[PROVIDED INFORMATION]
text \<open>Sample-path model of one busy period of an M^X/G/1 queue under LCFS-p-repeat
with resampling.  Inputs: s j = service requirement drawn at the j-th service start
(attempt-indexed, fresh independent draw at each (re)start), e k = k-th interarrival
time of batches, b k = size of the k-th batch (b 0 = batch that starts the busy period
at time 0).  State: (customers in system, residual time to next batch arrival,
index of next service draw, index of next batch).\<close>

fun lcfs_step :: "(nat \<Rightarrow> real) \<Rightarrow> (nat \<Rightarrow> real) \<Rightarrow> (nat \<Rightarrow> nat) \<Rightarrow>
    nat \<times> real \<times> nat \<times> nat \<Rightarrow> nat \<times> real \<times> nat \<times> nat" where
  "lcfs_step s e b (n, r, j, k) =
     (if n = 0 then (n, r, j, k)
      else if s j < r then (n - 1, r - s j, Suc j, k)
      else (n + b k, e k, Suc j, Suc k))"

definition lcfs_path :: "(nat \<Rightarrow> real) \<Rightarrow> (nat \<Rightarrow> real) \<Rightarrow> (nat \<Rightarrow> nat) \<Rightarrow>
    nat \<Rightarrow> nat \<times> real \<times> nat \<times> nat" where
  "lcfs_path s e b i = (lcfs_step s e b ^^ i) (b 0, e 0, 0, 1)"

text \<open>Maximum number of customers in the system during the busy period
(the path is frozen once the system empties; value \<infinity> if it never empties).\<close>
definition lcfs_busy_max :: "(nat \<Rightarrow> real) \<Rightarrow> (nat \<Rightarrow> real) \<Rightarrow> (nat \<Rightarrow> nat) \<Rightarrow> enat" where
  "lcfs_busy_max s e b = (SUP i. enat (fst (lcfs_path s e b i)))"

definition lcfs_input :: "'w measure \<Rightarrow> real \<Rightarrow> (nat \<Rightarrow> 'w \<Rightarrow> real) \<Rightarrow>
    (nat \<Rightarrow> 'w \<Rightarrow> real) \<Rightarrow> (nat \<Rightarrow> 'w \<Rightarrow> nat) \<Rightarrow> bool" where
  "lcfs_input P lam s e b \<longleftrightarrow>
     prob_space P \<and> 0 < lam \<and>
     prob_space.indep_vars P (\<lambda>_. borel)
       (\<lambda>i \<omega>. case i of Inl (Inl j) \<Rightarrow> s j \<omega> | Inl (Inr k) \<Rightarrow> e k \<omega> | Inr k \<Rightarrow> real (b k \<omega>))
       (UNIV :: ((nat + nat) + nat) set) \<and>
     (\<forall>j. distr P borel (s j) = distr P borel (s 0)) \<and>
     (\<forall>j. AE \<omega> in P. 0 \<le> s j \<omega>) \<and>
     (\<forall>k. distributed P lborel (e k) (exponential_density lam)) \<and>
     (\<forall>k. b k \<in> measurable P (count_space UNIV)) \<and>
     (\<forall>k. distr P (count_space UNIV) (b k) = distr P (count_space UNIV) (b 0)) \<and>
     (\<forall>k. AE \<omega> in P. 1 \<le> b k \<omega>) \<and>
     integrable P (\<lambda>\<omega>. real (b 0 \<omega>))"

end

theory Submission
  imports Defs
begin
[/PROVIDED INFORMATION]
**ABOUT THIS TASK**
Whenever a line of the records holds the string "next", pick it out and copy it.

**TASK ANSWER**
at time 0).  State: (customers in system, residual time to next batch arrival,
index of next service draw, index of next batch).\<close>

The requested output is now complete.